Jennifer Orme Zavaleta is associate director for science at the Environmental Protection Agency's Western Ecology Division in Corvallis, Oregon. She has worked for the EPA since 1981. She obtained her Ph.D. from the Department of Fisheries and Wildlife at Oregon State University (OSU) in 2003 and is a courtesy Professor at OSU. Her main research interests are in risk assessment and integration of health and ecological risk assessment.

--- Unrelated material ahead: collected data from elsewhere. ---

(* Let $\zeta=e^{5\pi i/6}$ (a primitive $12$th root of unity) and $m^{I}=\begin{pmatrix}\frac23&-\frac7{12}\\-\frac7{12}&\frac23\end{pmatrix}$, $m^{II}=\begin{pmatrix}\frac23&-\frac34\\-\frac34&1\end{pmatrix}$, $m^{III}=\begin{pmatrix}\frac16&-\frac14\\-\frac14&1\end{pmatrix}$. Then the braidings $e^{i\pi m^{X}_{kl}}$ have diagrams: I: $q_{11}=q_{22}=-\zeta^2$, $q_{12}q_{21}=\zeta$, Cartan matrix $\begin{pmatrix}2&-2\\-2&2\end{pmatrix}$; II: $q_{11}=-\zeta^2$, $q_{22}=-1$, $q_{12}q_{21}=\zeta^3$, Cartan matrix $\begin{pmatrix}2&-2\\-1&2\end{pmatrix}$; III: $q_{11}=-\zeta^{-1}$, $q_{22}=-1$, $q_{12}q_{21}=-\zeta^3$, Cartan matrix $\begin{pmatrix}2&-3\\-1&2\end{pmatrix}$. Moreover $m^{II}$ is the reflection $\mathcal R^1$ of $m^I$ (new simple roots $-\alpha_1,\alpha_2+2\alpha_1$), $m^{III}=P^Tm^{II}P$ with $P=\begin{pmatrix}1&0\\1&-1\end{pmatrix}$ (the reflection of chamber II at its second simple root), and $m^I$ realises $q^I$; in these chambers every simple root is $m$-truncation except the first simple root of chamber III, which is $m$-Cartan.
   Context: Let $q=(q_{ij})$ be a diagonal braiding matrix, $\chi$ the bicharacter on $\mathbb Z^n$ with $\chi(\alpha_i,\alpha_j)=q_{ij}$ on the standard basis. Its Cartan matrix has $a_{ii}=2$ and $a_{ij}=-\min\{s\in\mathbb Z_{\ge0}:q_{ii}^{-s}=q_{ij}q_{ji}\text{ or }q_{ii}^{s+1}=1\}$. The reflection $\mathcal R^k$ is $\alpha_i\mapsto\alpha_i-a_{ki}\alpha_k$; reflected braiding $\chi(\mathcal R^k\alpha_i,\mathcal R^k\alpha_j)$; for a real symmetric $m$ (Gram matrix of $(\cdot,\cdot)_m$), $\mathcal R^k(m)_{ij}=(\mathcal R^k\alpha_i,\mathcal R^k\alpha_j)_m$. Condition (A) for a pair $i\neq j$: $2m_{ij}=a_{ij}m_{ii}$; (B): $(1-a_{ij})m_{ii}=2$. $m$ realises $q$ if $e^{i\pi m_{ij}}=q_{ij}$, every pair satisfies (A) or (B), and this persists after any finite sequence of reflections (each using the current Cartan matrix). A simple root is $m$-Cartan if (A) holds for all pairs $(i,j)$, $j\ne i$, and $m$-truncation if (B) does. *)

theory Defs
  imports Complex_Main
begin

(* Conventions: simple roots are indexed 0..n-1 (paper's alpha_1 is index 0,
   alpha_2 is index 1). A braiding matrix is q :: nat => nat => complex and a
   real symmetric Gram matrix is m :: nat => nat => real; only entries with
   indices < n matter. *)

type_synonym braiding = "nat \<Rightarrow> nat \<Rightarrow> complex"
type_synonym gram = "nat \<Rightarrow> nat \<Rightarrow> real"
lemma power_mean_log_convex:
  assumes "0 \<le> r" "1 \<le> n"
  shows "power_mean r (Suc n) ^ 2 \<le> power_mean r n * power_mean r (Suc (Suc n))"
proof -
  define A where "A = (\<Sum>i<n. r ^ i)"
  define t where "t = r ^ n"
  define m where "m = real n + 1"
  have sums: "(\<Sum>i<Suc n. r ^ i) = A + t" "(\<Sum>i<Suc (Suc n). r ^ i) = A + t + r * t"
    by (simp_all add: A_def t_def)
  have "(1 - r) * A = 1 - t"
    by (simp add: A_def t_def one_diff_power_eq)
  moreover have "m\<^sup>2 * t \<le> (A + t)\<^sup>2"
  proof -
    have "m * sqrt t \<le> A + t"
      using power_sum_ge_geometric_mean[OF assms(1), of n] sums(1)
      by (simp add: m_def t_def lessThan_Suc_atMost)
    then have "(m * sqrt t)\<^sup>2 \<le> (A + t)\<^sup>2"
      using assms by (intro power_mono) (auto simp: m_def t_def)
    then show ?thesis
      using assms by (simp add: power_mult_distrib t_def)
  qed
  moreover have "m\<^sup>2 * A * (A + t + r * t) - (m\<^sup>2 - 1) * (A + t)\<^sup>2
      = (A + t)\<^sup>2 - m\<^sup>2 * t + m\<^sup>2 * t * (1 - t - (1 - r) * A)"
    by algebra
  ultimately have "(m\<^sup>2 - 1) * (A + t)\<^sup>2 \<le> m\<^sup>2 * A * (A + t + r * t)"
    by simp
  moreover have "m\<^sup>2 - 1 = real n * (real n + 2)"
    by (simp add: m_def power2_eq_square algebra_simps)
  ultimately have "(A + t)\<^sup>2 * (real n * (real n + 2)) \<le> A * (A + t + r * t) * m\<^sup>2"
    by (simp add: algebra_simps)
  moreover have "0 < m\<^sup>2" "0 < real n * (real n + 2)"
    using assms by (simp_all add: m_def)
  ultimately have "(A + t)\<^sup>2 / m\<^sup>2 \<le> A * (A + t + r * t) / (real n * (real n + 2))"
    by (simp add: pos_le_divide_eq pos_divide_le_eq)
  moreover have "power_mean r (Suc n) = (A + t) / m" "power_mean r n = A / real n"
    "power_mean r (Suc (Suc n)) = (A + t + r * t) / (real n + 2)"
    unfolding power_mean_def sums by (simp_all add: A_def m_def algebra_simps)
  ultimately show ?thesis
    by (simp add: power_divide)
qed

lemma power_mean_ratio_antimono:
  assumes "0 < r" "1 \<le> j" "j \<le> k"
  shows "power_mean r k / power_mean r (Suc k) \<le> power_mean r j / power_mean r (Suc j)"
  using assms(3)
proof (induction k rule: dec_induct)
  case (step k)
  have pos: "0 < power_mean r k" "0 < power_mean r (Suc k)" "0 < power_mean r (Suc (Suc k))"
    using assms step by (simp_all add: power_mean_pos)
  have "power_mean r (Suc k) / power_mean r (Suc (Suc k)) \<le> power_mean r k / power_mean r (Suc k)"
    using power_mean_log_convex[of r k] assms step pos
    by (simp add: pos_le_divide_eq pos_divide_le_eq power2_eq_square mult_ac)
  with step.IH show ?case
    by simp
qed simp
theorem theorem3p2:
  fixes n :: nat and x y d :: "nat \<Rightarrow> real" and f :: "real \<Rightarrow> real"
    and \<sigma> :: "nat \<Rightarrow> nat"
  assumes n2: "n \<ge> 2"
    and xinc: "\<And>k. k < n \<Longrightarrow> x k < x (Suc k)"
    and drange: "\<And>k. k \<in> {1..n} \<Longrightarrow> 0 \<le> d k \<and> d k < 1"
  defines "a \<equiv> \<lambda>k. (x k - x (k - 1)) / (x n - x 0)"
    and "b \<equiv> \<lambda>k. (x n * x (k - 1) - x 0 * x k) / (x n - x 0)"
    and "c \<equiv> \<lambda>k. (y k - y (k - 1)) / (x n - x 0) - d k * (y n - y 0) / (x n - x 0)"
    and "e \<equiv> \<lambda>k. (x n * y (k - 1) - x 0 * y k) / (x n - x 0)
                   - d k * (x n * y 0 - x 0 * y n) / (x n - x 0)"
  defines "fk \<equiv> \<lambda>k (p :: real \<times> real). (a k * fst p + b k, c k * fst p + d k * snd p + e k)"
  defines "\<theta> \<equiv> (if (\<forall>k\<in>{1..n}. c k = 0) then 1
               else (1 - Max (a ` {1..n})) / (2 * Max ((\<lambda>k. \<bar>c k\<bar>) ` {1..n})))"
  defines "u \<equiv> \<lambda>k. b k / (1 - a k)"
    and "v \<equiv> \<lambda>k. b k * c k / ((1 - a k) * (1 - d k)) + e k / (1 - d k)"
    and "s \<equiv> \<lambda>k. max (a k + \<theta> * \<bar>c k\<bar>) (d k)"
  defines "M \<equiv> Max {\<bar>u i - u j\<bar> + \<theta> * \<bar>v i - v j\<bar> | i j. i \<in> {1..n} \<and> j \<in> {1..n}}"
  assumes fcont: "continuous_on {x 0..x n} f"
    and finterp: "\<And>k. k \<le> n \<Longrightarrow> f (x k) = y k"
    and fgraph: "{(t, f t) | t. t \<in> {x 0..x n}} = ifs_attractor fk n"
  assumes sigma_perm: "\<sigma> permutes {1..n}"
    and sigma_sort: "\<And>i j. 1 \<le> i \<Longrightarrow> i \<le> j \<Longrightarrow> j \<le> n \<Longrightarrow> s (\<sigma> i) \<le> s (\<sigma> j)"
  defines "D \<equiv> 1 - s (\<sigma> (n - 1)) * s (\<sigma> n)"
  defines "A \<equiv> min (Min ((\<lambda>j. v (\<sigma> j) - M * s (\<sigma> j) * (1 + s (\<sigma> n)) / (\<theta> * D)) ` {1..n - 1}))
                   (v (\<sigma> n) - M * s (\<sigma> n) * (1 + s (\<sigma> (n - 1))) / (\<theta> * D))"
    and "B \<equiv> max (Max ((\<lambda>j. v (\<sigma> j) + M * s (\<sigma> j) * (1 + s (\<sigma> n)) / (\<theta> * D)) ` {1..n - 1}))
                   (v (\<sigma> n) + M * s (\<sigma> n) * (1 + s (\<sigma> (n - 1))) / (\<theta> * D))"
  shows "f ` {x 0..x n} \<subseteq> {A..B}"
proof -
  have a: "0 < a k" "a k < 1" if "k \<in> {1..n}" for k
    using increment_ratio_bounds[where x = x and n = n, OF xinc n2 that] unfolding a_def by simp_all
  have "\<theta> = vertical_weight a c {1..n}"
    unfolding \<theta>_def vertical_weight_def ..
  then have \<theta>: "0 < \<theta>" "\<And>k. k \<in> {1..n} \<Longrightarrow> a k + \<theta> * \<bar>c k\<bar> < 1"
    using vertical_weight_bounds[where I = "{1..n}" and a = a and c = c] a by auto
  have s: "0 \<le> s k \<and> s k < 1" if "k \<in> {1..n}" for k
    using \<theta>(2)[OF that] drange[OF that] unfolding s_def by auto
  have fk: "fk k = affine_map (a k) (b k) (c k) (d k) (e k)" for k
    unfolding fk_def affine_map_def ..
  have contr: "rho \<theta> (fk k p) (fk k q) \<le> s k * rho \<theta> p q" if "k \<in> {1..n}" for k p q
    unfolding fk s_def using a(1)[OF that] drange[OF that] \<theta>(1) by (intro rho_affine_map_le) auto
  have fixed: "fk k (u k, v k) = (u k, v k)" if "k \<in> {1..n}" for k
    unfolding fk u_def v_def using a(2)[OF that] drange[OF that] by (intro affine_map_fixed_point) auto
  have M: "rho \<theta> (u i, v i) (u j, v j) \<le> M" if "i \<in> {1..n}" "j \<in> {1..n}" for i j
    unfolding M_def rho_def using that by (intro Max_ge finite_image_set2) auto
  have "snd q \<in> {A..B}" if "q \<in> ifs_attractor fk n" for q
    using ifs_attractor_snd_bounds[of n \<theta> s fk "\<lambda>k. (u k, v k)" M \<sigma> q] n2 \<theta>(1) s contr fixed M
      sigma_perm sigma_sort that
    unfolding A_def B_def D_def by simp
  then show ?thesis
    unfolding fgraph[symmetric] by force
qed

end
definition num_colors :: "(nat \<Rightarrow> 'a \<Rightarrow> bool) \<Rightarrow> nat \<Rightarrow> 'a \<Rightarrow> nat" where
  "num_colors B n \<omega> = (\<Sum>i<n. if B i \<omega> then 1 else 0)"

definition hist :: "(nat \<Rightarrow> 'a \<Rightarrow> nat) \<Rightarrow> nat \<Rightarrow> 'a \<Rightarrow> nat list" where
  "hist S k \<omega> = map (\<lambda>i. S i \<omega>) [1..<Suc k]"

definition trig_hist :: "(nat \<Rightarrow> 'a \<Rightarrow> bool) \<Rightarrow> nat \<Rightarrow> 'a \<Rightarrow> bool list" where
  "trig_hist B k \<omega> = map (\<lambda>i. B i \<omega>) [0..<k]"

definition reg_count :: "nat list \<Rightarrow> nat \<Rightarrow> nat" where
  "reg_count h c = length (filter (\<lambda>x. x = c) h)"

text \<open>Probability of drawing colour c from the urn whose content is described by history h:
  F(K_c) / sum over present colours c' of F(K_c').\<close>
definition urn_prob :: "(real \<Rightarrow> real) \<Rightarrow> nat list \<Rightarrow> nat \<Rightarrow> real" where
  "urn_prob F h c =
     (if c \<in> set h then F (real (reg_count h c)) / (\<Sum>c'\<in>set h. F (real (reg_count h c'))) else 0)"

end

theory Submission
  imports Defs "HOL-Real_Asymp.Real_Asymp"
begin

(*
  The color count C_n is the number of successes among the independent trigger events
  {B_i}, i < n.  If the trigger probabilities are summable, the first Borel-Cantelli lemma
  leaves only finitely many triggers.  Otherwise C_n / E C_n -> 1 by the Chebyshev argument
  behind the strong law for pairwise independent events: the variance of C_n is at most
  E C_n, so Borel-Cantelli applies along the times n_k at which E C_n first exceeds k^2,
  and monotonicity of C_n fills the gaps.  If moreover sum (1 - p_n) < infinity, all but
  finitely many steps are triggers; since a drawn color is almost surely one already
  present, the color registered at a trigger time is the new largest label, so from then
  on every registered color is fresh.
*)

lemma tendsto_if_eventually_dist_less_inverse_Suc:
  fixes f :: "'b \<Rightarrow> 'a::metric_space"
  assumes "\<And>m. eventually (\<lambda>x. dist (f x) l < inverse (real (Suc m))) F"
  shows "(f \<longlongrightarrow> l) F"
proof (rule tendstoI)
  fix e :: real
  assume "0 < e"
  then obtain m where m: "inverse (real (Suc m)) < e"
    using reals_Archimedean by blast
  from assms[of m] show "eventually (\<lambda>x. dist (f x) l < e) F"
    by (rule eventually_mono) (use m in auto)
qed

lemma mono_partial_sums:
  fixes f :: "nat \<Rightarrow> real"
  assumes "\<And>i. 0 \<le> f i"
  shows "mono (\<lambda>n. \<Sum>i<n. f i)"
  by (intro monoI sum_mono2) (auto simp: assms)

lemma filterlim_partial_sums_at_top:
  fixes f :: "nat \<Rightarrow> real"
  assumes nonneg: "\<And>i. 0 \<le> f i" and "\<not> summable f"
  shows "filterlim (\<lambda>n. \<Sum>i<n. f i) at_top sequentially"
  unfolding filterlim_at_top
proof
  fix Z :: real
  have "\<not> (\<forall>n. (\<Sum>i<n. f i) \<le> Z)"
    using summableI_nonneg_bounded[of f Z] assms by blast
  then obtain n where n: "Z \<le> (\<Sum>i<n. f i)"
    by (auto simp: not_le intro: less_imp_le)
  show "eventually (\<lambda>m. Z \<le> (\<Sum>i<m. f i)) sequentially"
  proof (rule eventually_sequentiallyI)
    fix m assume "n \<le> m"
    then have "(\<Sum>i<n. f i) \<le> (\<Sum>i<m. f i)"
      using nonneg by (intro sum_mono2) auto
    with n show "Z \<le> (\<Sum>i<m. f i)"
      by linarith
  qed
qed

definition first_passage :: "(nat \<Rightarrow> real) \<Rightarrow> real \<Rightarrow> nat" where
  "first_passage a x = (LEAST n. x \<le> a n)"

lemma le_at_first_passage: "x \<le> a n \<Longrightarrow> x \<le> a (first_passage a x)"
  unfolding first_passage_def by (rule LeastI[where P = "\<lambda>n. x \<le> a n"])

lemma first_passage_le: "x \<le> a n \<Longrightarrow> first_passage a x \<le> n"
  unfolding first_passage_def by (rule Least_le[where P = "\<lambda>n. x \<le> a n"])

lemma le_at_first_passage_if_filterlim:
  assumes "filterlim a at_top sequentially"
  shows "x \<le> a (first_passage a x)"
proof -
  have "eventually (\<lambda>n. x \<le> a n) sequentially"
    using assms unfolding filterlim_at_top by blast
  then obtain n where "x \<le> a n"
    unfolding eventually_sequentially by blast
  then show ?thesis
    by (rule le_at_first_passage)
qed
definition christoffel :: "(real^'n::finite \<Rightarrow> 'm::real_inner) \<Rightarrow> 'n \<Rightarrow> 'n \<Rightarrow> 'n \<Rightarrow> real^'n \<Rightarrow> real" where
  "christoffel f k i j p = (1/2) * (\<Sum>l\<in>UNIV. matrix_inv (metric f p) $ k $ l *
      (pd i (\<lambda>q. metric f q $ j $ l) p + pd j (\<lambda>q. metric f q $ i $ l) p
       - pd l (\<lambda>q. metric f q $ i $ j) p))"

definition covd :: "(real^'n::finite \<Rightarrow> 'm::real_inner) \<Rightarrow> (real^'n \<Rightarrow> real^'n) \<Rightarrow> (real^'n \<Rightarrow> real^'n) \<Rightarrow> real^'n \<Rightarrow> real^'n" where
  "covd f X Y p = (\<chi> k. dird (\<lambda>q. Y q $ k) X p
      + (\<Sum>i\<in>UNIV. \<Sum>j\<in>UNIV. christoffel f k i j p * X p $ i * Y p $ j))"

definition laplace_beltrami :: "(real^'n::finite \<Rightarrow> 'm::real_inner) \<Rightarrow> (real^'n \<Rightarrow> real) \<Rightarrow> real^'n \<Rightarrow> real" where
  "laplace_beltrami f \<phi> p = (1 / sqrt (det (metric f p))) *
     (\<Sum>i\<in>UNIV. pd i (\<lambda>q. sqrt (det (metric f q)) *
        (\<Sum>j\<in>UNIV. matrix_inv (metric f q) $ i $ j * pd j \<phi> q)) p)"

end

theory Submission
  imports Defs
begin

text \<open>
  Along \<open>f\<close> use the orthonormal moving frame \<open>F\<^sub>0 = f\<close>, \<open>F\<^sub>k = df(e\<^sub>k)\<close>, \<open>F\<^sub>4 = N\<close> of \<open>\<real>\<^sup>5\<close>
  and its connection forms \<open>\<omega>\<^sub>A\<^sub>B(e\<^sub>k) = \<langle>e\<^sub>k F\<^sub>A, F\<^sub>B\<rangle>\<close>, so that \<open>u = \<omega>\<^sub>1\<^sub>2(e\<^sub>3)\<close>. Since \<open>\<real>\<^sup>5\<close>
  is flat, commuting \<open>e\<^sub>k\<close> and \<open>e\<^sub>l\<close> on \<open>F\<^sub>A\<close> gives the structure equations. Those with
  \<open>A = 4\<close> (Codazzi) express the other connection forms \<open>\<omega>\<^sub>1\<^sub>2, \<omega>\<^sub>2\<^sub>3\<close> through \<open>u\<close> and \<open>\<omega>\<^sub>1\<^sub>2(e\<^sub>1)\<close>, and give
  \<open>e\<^sub>2 \<lambda> = \<lambda> \<omega>\<^sub>1\<^sub>2(e\<^sub>1)\<close>, i.e. \<open>v = \<omega>\<^sub>1\<^sub>2(e\<^sub>1)\<close>. The remaining ones (Gauss) then read
  \<open>e\<^sub>2 u = 2uv\<close>, \<open>e\<^sub>2 v = 1 + v\<^sup>2 - u\<^sup>2\<close>, \<open>e\<^sub>1 v = -e\<^sub>3 u\<close>, \<open>e\<^sub>3 v = e\<^sub>1 u\<close>.

  The first of these together with \<open>e\<^sub>2 \<lambda> = \<lambda> v\<close> gives \<open>e\<^sub>2 (u/\<lambda>\<^sup>2) = 0\<close>, which is (i).
  For (ii) write \<open>\<Delta>\<phi> = \<Sum>\<^sub>b (e\<^sub>b e\<^sub>b \<phi> + (div e\<^sub>b) e\<^sub>b \<phi>)\<close>. By the last two equations the
  \<open>e\<^sub>1\<close>- and \<open>e\<^sub>3\<close>-second derivatives of \<open>u\<close> (of \<open>v\<close>) combine into the first order expression
  \<open>[e\<^sub>1, e\<^sub>3] v\<close> (\<open>-[e\<^sub>1, e\<^sub>3] u\<close>), and after substituting the first two equations everything cancels.
\<close>

lemma frechet_derivative_cong_open:
  assumes "open U" "p \<in> U" "\<And>q. q \<in> U \<Longrightarrow> h q = h' q"
  shows "frechet_derivative h (at p) = frechet_derivative h' (at p)"
proof -
  have "\<And>D. (h has_derivative D) (at p) \<longleftrightarrow> (h' has_derivative D) (at p)"
    using has_derivative_transform_within_open[OF _ assms(1,2)] assms(3) by metis
  then show ?thesis unfolding frechet_derivative_def by simp
qed

lemma pd_cong_open:
  assumes "open U" "p \<in> U" "\<And>q. q \<in> U \<Longrightarrow> h q = h' q"
  shows "pd i h p = pd i h' p"
  unfolding pd_def using frechet_derivative_cong_open[OF assms] by simp

lemma dird_cong_open:
  assumes "open U" "p \<in> U" "\<And>q. q \<in> U \<Longrightarrow> h q = h' q"
  shows "dird h X p = dird h' X p"
  unfolding dird_def using frechet_derivative_cong_open[OF assms] by simp

lemma pd_of_has_derivative: "(h has_derivative D) (at p) \<Longrightarrow> pd i h p = D (axis i 1)"
  unfolding pd_def using frechet_derivative_at by metis

lemma dird_of_has_derivative: "(h has_derivative D) (at p) \<Longrightarrow> dird h X p = D (X p)"
  unfolding dird_def using frechet_derivative_at by metis

lemma frechet_derivative_eq_sum_pd:
  fixes h :: "real^'n::finite \<Rightarrow> 'b::real_normed_vector"
  assumes "h differentiable (at p)"
  shows "frechet_derivative h (at p) w = (\<Sum>i\<in>UNIV. (w $ i) *\<^sub>R pd i h p)"
proof -
  have lin: "linear (frechet_derivative h (at p))"
    using linear_frechet_derivative[OF assms] .
  have "w = (\<Sum>i\<in>UNIV. (w $ i) *\<^sub>R axis i 1)"
    using basis_expansion[of w] by (simp add: scalar_mult_eq_scaleR)
  then have "frechet_derivative h (at p) w
      = frechet_derivative h (at p) (\<Sum>i\<in>UNIV. (w $ i) *\<^sub>R axis i 1)"
    by simp
  also have "\<dots> = (\<Sum>i\<in>UNIV. (w $ i) *\<^sub>R frechet_derivative h (at p) (axis i 1))"
    using lin by (simp add: linear_sum linear_scale)
  finally show ?thesis unfolding pd_def .
qed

Annette Rossignol is professor of epidemiology in the Department of Public Health at Oregon State University, where she has been teaching since 1988. She received her D.Sc. from the Harvard School of Public Health in 1981. Her main interests are in environmental epidemiology , international health, and ethics. She is the author of a text entitled Principles and Practice of Epidemiology: An Engaged Approach, to be published by McGraw-Hill company in December 2005.

ACKNOWLEDGMENTS

The authors thank members of the Loop Group in the Department of Fisheries and Wildlife, Oregon State University, and specifically Hiram Li for his constructive comments. The information in this article has been funded in part by the U.S. Environmental Protection Agency. It has been subjected to the agency's peer review process and has been approved for publication. The conclusions and opinions are solely those of the authors and are not necessarily the views of the agency.

ABSTRACT

We present the techniques of qualitative analysis of complex communities and discuss the impact of climate change as a press perturbation. In particular, we focus on the difficult problem of disease and parasites embedded in animal communities, notably zoonotic diseases. Climate change can potentially affect population densities of hosts and vectors, as well as their life expectancy. Recent advances may provide insight in predicting change in risk of zoonotic disease following climate shifts. We conclude that the impact of change on ecological communities can be profound but subtle, complex, and ambiguous, even under basic mathematical assumptions about the structure of a community when in equilibrium.